Type 2 diabetes is a growing public health concern worldwide, as the number of people who suffer from the disease is expected to rise from 425 million in 2017 to 629 million by 2045 [1]. Two of the hallmarks of type 2 diabetes are the development of insulin resistance in peripheral tissues (liver, skeletal muscle and adipose) and dysfunction of insulin-secreting beta cells in the pancreatic islets [2]. While environmental factors such as diet and exercise level contribute to type 2 diabetes, genetic predisposition also plays a key role. Genome-wide association studies (GWAS) have identified more than 200 loci associated with type 2 diabetes and related metabolic traits [3] (Fig. 1a). These genetic findings have already identified targets for known drugs such as thiazolidinediones [6], which serves as a positive control for the approach.

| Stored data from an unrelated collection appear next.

theorem proposition5p5:
  fixes c1 c2 k :: real
  assumes "c1 > 0" and "c2 > 0" and "k \<noteq> 0"
  shows "lyapunov_stable (sys c1 c2 k) (vector [0, 0, 0])
       \<and> (\<forall>m::real. m \<noteq> 0 \<longrightarrow> lyapunov_stable (sys c1 c2 k) (vector [0, 0, m]))
       \<and> (\<forall>m::real. m \<noteq> 0 \<and> k * m > 0 \<longrightarrow> lyapunov_stable (sys c1 c2 k) (vector [0, m, 0]))
       \<and> (\<forall>m::real. m \<noteq> 0 \<and> k * m < 0 \<longrightarrow> \<not> lyapunov_stable (sys c1 c2 k) (vector [0, m, 0]))"
  using lyapunov_stable_sys_origin[OF assms(1,2)] lyapunov_stable_sys_e3[OF assms(1,2)]
    lyapunov_stable_sys_e2[OF assms(1,2)] not_lyapunov_stable_sys_e2[OF assms(1,2)]
  by blast

end
lemma alloc_grid_round_down:
  fixes \<phi> \<alpha> H :: real
  assumes \<alpha>: "0 < \<alpha>" "\<alpha> \<le> 1" and Hm: "0 < H * real m" and \<phi>: "0 \<le> \<phi>" "\<phi> \<le> 1"
  shows "\<exists>\<phi>'\<in>alloc_grid m H \<alpha>. 0 \<le> \<phi>' \<and> \<phi>' \<le> \<phi> \<and> \<phi> - \<phi>' \<le> \<alpha> + \<alpha> / (H * real m)"
proof (cases "\<phi> \<le> \<alpha> + \<alpha> / (H * real m)")
  case True
  thus ?thesis
    using \<phi> by (intro bexI[of _ 0]) (auto simp: alloc_grid_def)
next
  case False
  define c where "c = \<alpha> / (H * real m)"
  have "0 < c"
    unfolding c_def using \<alpha> Hm by simp
  hence "0 < \<phi>"
    using False \<alpha> unfolding c_def by linarith
  hence "\<exists>s. (1 - \<alpha>) ^ s \<le> \<phi>"
    using real_arch_pow_inv[of \<phi> "1 - \<alpha>"] \<alpha> by (auto intro: less_imp_le)
  \<comment> \<open>the largest grid power not above \<phi> is within a factor (1 - \<alpha>) of \<phi>\<close>
  define s where "s = (LEAST s. (1 - \<alpha>) ^ s \<le> \<phi>)"
  have below: "(1 - \<alpha>) ^ s \<le> \<phi>"
    unfolding s_def by (rule LeastI_ex) fact
  have above: "\<phi> * (1 - \<alpha>) \<le> (1 - \<alpha>) ^ s"
  proof (cases s)
    case 0
    thus ?thesis using \<phi> \<alpha> by (simp add: mult_le_one)
  next
    case (Suc k)
    have "\<not> (1 - \<alpha>) ^ k \<le> \<phi>"
      using not_less_Least[of k "\<lambda>s. (1 - \<alpha>) ^ s \<le> \<phi>"] Suc unfolding s_def by simp
    hence "\<phi> * (1 - \<alpha>) \<le> (1 - \<alpha>) ^ k * (1 - \<alpha>)"
      using \<alpha> by (intro mult_right_mono) auto
    thus ?thesis
      using Suc by (simp add: mult.commute)
  qed
  have "\<phi> * \<alpha> \<le> \<alpha>"
    using \<phi> \<alpha> by (simp add: mult_left_le_one_le)
  hence "c \<le> (1 - \<alpha>) ^ s" and err: "\<phi> - (1 - \<alpha>) ^ s \<le> \<alpha>"
    using above False unfolding c_def by (simp_all add: algebra_simps)
  hence "(1 - \<alpha>) ^ s \<in> alloc_grid m H \<alpha>"
    unfolding alloc_grid_def c_def by auto
  thus ?thesis
    using below err \<alpha> \<open>0 < c\<close> unfolding c_def by (intro bexI[of _ "(1 - \<alpha>) ^ s"]) auto
qed

lemma price_grid_round_down:
  fixes x \<alpha> H :: real
  assumes \<alpha>: "0 < \<alpha>" and x: "0 \<le> x" "x \<le> real m * H"
  shows "\<exists>p\<in>price_grid m H \<alpha>. p \<le> x \<and> x - \<alpha> \<le> p"
proof -
  define k where "k = nat \<lfloor>x / \<alpha>\<rfloor>"
  have "real k = of_int \<lfloor>x / \<alpha>\<rfloor>"
    unfolding k_def using x \<alpha> by simp
  hence "real k \<le> x / \<alpha>" "x / \<alpha> - 1 \<le> real k"
    by linarith+
  hence "real k * \<alpha> \<le> x" "x - \<alpha> \<le> real k * \<alpha>"
    using \<alpha> by (simp_all add: field_simps)
  thus ?thesis
    using x unfolding price_grid_def by (intro bexI[of _ "real k * \<alpha>"]) auto
qed

lemma card_alloc_grid_le:
  fixes \<alpha> H :: real
  assumes \<alpha>: "0 < \<alpha>" "\<alpha> \<le> 1" and Hm: "0 < H * real m"
  shows "finite (alloc_grid m H \<alpha>)" "real (card (alloc_grid m H \<alpha>)) \<le> H * real m / \<alpha>\<^sup>2 + 2"
proof -
  define c where "c = \<alpha> / (H * real m)"
  define N where "N = nat \<lfloor>H * real m / \<alpha>\<^sup>2\<rfloor>"
  have c: "0 < c"
    unfolding c_def using \<alpha> Hm by simp
  have exponent_le: "s \<le> N" if s: "c \<le> (1 - \<alpha>) ^ s" for s
  proof -
    have "(1 - \<alpha>) ^ s \<le> exp (- \<alpha>) ^ s"
      using \<alpha> exp_ge_add_one_self[of "- \<alpha>"] by (intro power_mono) auto
    also have "\<dots> = exp (- (\<alpha> * real s))"
      by (simp add: exp_of_nat_mult[symmetric] mult.commute)
    finally have "ln c \<le> ln (exp (- (\<alpha> * real s)))"
      using s c by (subst ln_le_cancel_iff) auto
    hence "ln c \<le> - (\<alpha> * real s)"
      by simp
    hence "\<alpha> * real s \<le> ln (1 / c)"
      using c by (simp add: ln_div)
    also have "\<dots> \<le> 1 / c"
      using c ln_le_minus_one[of "1 / c"] by simp
    finally have "real s \<le> H * real m / \<alpha>\<^sup>2"
      using \<alpha> Hm unfolding c_def by (simp add: field_simps power2_eq_square)
    thus "s \<le> N"
      unfolding N_def by linarith
  qed
  have sub: "alloc_grid m H \<alpha> \<subseteq> insert 0 ((\<lambda>s. (1 - \<alpha>) ^ s) ` {..N})"
    unfolding alloc_grid_def using exponent_le c_def by auto
  thus "finite (alloc_grid m H \<alpha>)"
    using finite_subset by blast
  have "card (alloc_grid m H \<alpha>) \<le> card (insert 0 ((\<lambda>s. (1 - \<alpha>) ^ s) ` {..N}))"
    using sub by (intro card_mono) auto
  also have "\<dots> \<le> Suc (card ((\<lambda>s. (1 - \<alpha>) ^ s) ` {..N}))"
    by (rule card_insert_le_m1) auto
  also have "\<dots> \<le> Suc (card {..N})"
    using card_image_le[of "{..N}" "\<lambda>s. (1 - \<alpha>) ^ s"] by simp
  finally have "real (card (alloc_grid m H \<alpha>)) \<le> real N + 2"
    by simp
  moreover have "real N \<le> H * real m / \<alpha>\<^sup>2"
    unfolding N_def using Hm \<alpha> by simp
  ultimately show "real (card (alloc_grid m H \<alpha>)) \<le> H * real m / \<alpha>\<^sup>2 + 2"
    by linarith
qed

lemma card_price_grid_le:
  fixes \<alpha> H :: real
  assumes \<alpha>: "0 < \<alpha>" and mH: "0 \<le> real m * H"
  shows "finite (price_grid m H \<alpha>)" "real (card (price_grid m H \<alpha>)) \<le> real m * H / \<alpha> + 1"
proof -
  define N where "N = nat \<lfloor>real m * H / \<alpha>\<rfloor>"
  have "price_grid m H \<alpha> \<subseteq> (\<lambda>k. real k * \<alpha>) ` {..N}"
  proof
    fix x assume "x \<in> price_grid m H \<alpha>"
    then obtain k where k: "x = real k * \<alpha>" "real k * \<alpha> \<le> real m * H"
      unfolding price_grid_def by auto
    have "real k \<le> real m * H / \<alpha>"
      using k(2) \<alpha> by (simp add: field_simps)
    hence "k \<le> N"
      unfolding N_def by linarith
    thus "x \<in> (\<lambda>k. real k * \<alpha>) ` {..N}"
      using k by auto
  qed
  note sub = this
  thus "finite (price_grid m H \<alpha>)"
    using finite_subset by blast
  have "card (price_grid m H \<alpha>) \<le> card ((\<lambda>k. real k * \<alpha>) ` {..N})"
    using sub by (intro card_mono) auto
  also have "\<dots> \<le> Suc N"
    using card_image_le[of "{..N}" "\<lambda>k. real k * \<alpha>"] by simp
  finally have "real (card (price_grid m H \<alpha>)) \<le> real N + 1"
    by simp
  moreover have "real N \<le> real m * H / \<alpha>"
    unfolding N_def using mH \<alpha> by simp
  ultimately show "real (card (price_grid m H \<alpha>)) \<le> real m * H / \<alpha> + 1"
    by linarith
qed

lemma card_disc_menus_le:
  assumes fA: "finite (alloc_grid m H \<alpha>)" and fP: "finite (price_grid m H \<alpha>)"
  shows "finite (disc_menus ud m l H \<alpha>)"
    "card (disc_menus ud m l H \<alpha>) \<le> card (alloc_grid m H \<alpha>) ^ (l * m) * card (price_grid m H \<alpha>) ^ l"
proof -
  define A where "A = alloc_grid m H \<alpha>"
  define P where "P = price_grid m H \<alpha>"
  define S where "S = (PiE ({..<l} \<times> {..<m}) (\<lambda>_. A)) \<times> (PiE {..<l} (\<lambda>_. P))"
  define menu_of :: "((nat \<times> nat \<Rightarrow> real) \<times> (nat \<Rightarrow> real)) \<Rightarrow> menu"
    where "menu_of = (\<lambda>(f, p). ((\<lambda>j i. if j < l \<and> i < m then f (j, i) else 0),
                                 (\<lambda>j. if j < l then p j else 0)))"
  have sub: "disc_menus ud m l H \<alpha> \<subseteq> menu_of ` S"
  proof
    fix M assume M: "M \<in> disc_menus ud m l H \<alpha>"
    hence V: "valid_menu ud m l H M"
      unfolding disc_menus_def by auto
    define f where "f = restrict (\<lambda>(j, i). fst M j i) ({..<l} \<times> {..<m})"
    define p where "p = restrict (snd M) {..<l}"
    have "(f, p) \<in> S"
      using M unfolding S_def f_def p_def disc_menus_def A_def P_def by auto
    moreover have "menu_of (f, p) = M"
      using V unfolding menu_of_def f_def p_def valid_menu_def by (auto intro!: ext simp: prod_eq_iff)
    ultimately show "M \<in> menu_of ` S"
      by (metis image_eqI)
  qed
  have fS: "finite S"
    unfolding S_def using fA fP A_def P_def by (auto intro!: finite_PiE)
  thus "finite (disc_menus ud m l H \<alpha>)"
    using sub finite_subset by blast
  have "card (disc_menus ud m l H \<alpha>) \<le> card (menu_of ` S)"
    using sub fS by (intro card_mono) auto
  also have "\<dots> \<le> card S"
    using fS by (rule card_image_le)
  also have "card S = card A ^ (l * m) * card P ^ l"
    unfolding S_def by (simp add: card_cartesian_product card_PiE)
  finally show "card (disc_menus ud m l H \<alpha>) \<le> card (alloc_grid m H \<alpha>) ^ (l * m) * card (price_grid m H \<alpha>) ^ l"
    unfolding A_def P_def .
qed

At most such genomic loci, however, the variant with the strongest statistical association with type 2 diabetes (‘lead single-nucleotide polymorphism’ [SNP]) is found outside of protein-coding regions, suggesting a primary role for non-coding cis-regulatory elements in genetic risk for type 2 diabetes. Such variants may confer risk by altering transcription factor binding sites that propagate signals from upstream transcription factors to influence downstream target gene expression. It is challenging to determine the functional effects of non-coding variants for several reasons. First, lead SNPs are not necessarily the causal variants, which could instead be among the many other variants in strong linkage equilibrium (LD) (Fig. 1b). Second, even after mapping a causal regulatory variant, it is often difficult to identify its downstream target gene(s), which may be distant. For example, an obesity-associated variant located within the first intron of the FTO gene affects expression of the genes IRX3 and IRX5, located over a megabase away from the variant, without affecting the expression of the closest FTO gene [7, 8]. To bridge the disconnect between genetic factors and disease processes, there is a critical need to experimentally and bioinformatically annotate non-coding variants to better understand the biological mechanisms that contribute to genetic predisposition to type 2 diabetes. A refined view of the genetics of type 2 diabetes may allow for personalised risk scores [9] and stratification of patients by different underlying pathophysiology [10].

Fig. 1

Functional mapping of diabetes-associated variants using tissue-specific regulatory maps. GWAS have identified loci associated with risk for type 2 diabetes, with strength of association (-log10 p value) shown throughout the genome in a Manhattan plot (a, data from [4, 5]). Each genome-wide significant region (above the horizontal red line) can then be explored using a locus-zoom plot (b), which shows one of the type 2 diabetes-associated loci (overlapping the gene WFS1) as an example [5]. In the locus zoom plot, each dot represents a variant associated with type 2 diabetes, and its colour represents the level of linkage disequilibrium (LD), with the lead variant (reference variant [Ref Var]) highlighted in purple. Most SNPs occur in non-coding regions, where chromatin state analyses (c) help identify locations of tissue-specific regulatory regions. While some enhancer regions may be shared across tissues, there are others that are unique. This figure is available as part of a downloadable slideset

Here, we review genome-wide approaches to map regulatory elements, highlighting studies that have successfully applied these approaches to add gene regulatory context to type 2 diabetes GWAS variants. We discuss how integrating these maps may identify convergent mechanisms across distant loci, and shared biology underpinning type 2 diabetes pathogenesis. Finally, we propose future studies that could provide additional mechanistic information.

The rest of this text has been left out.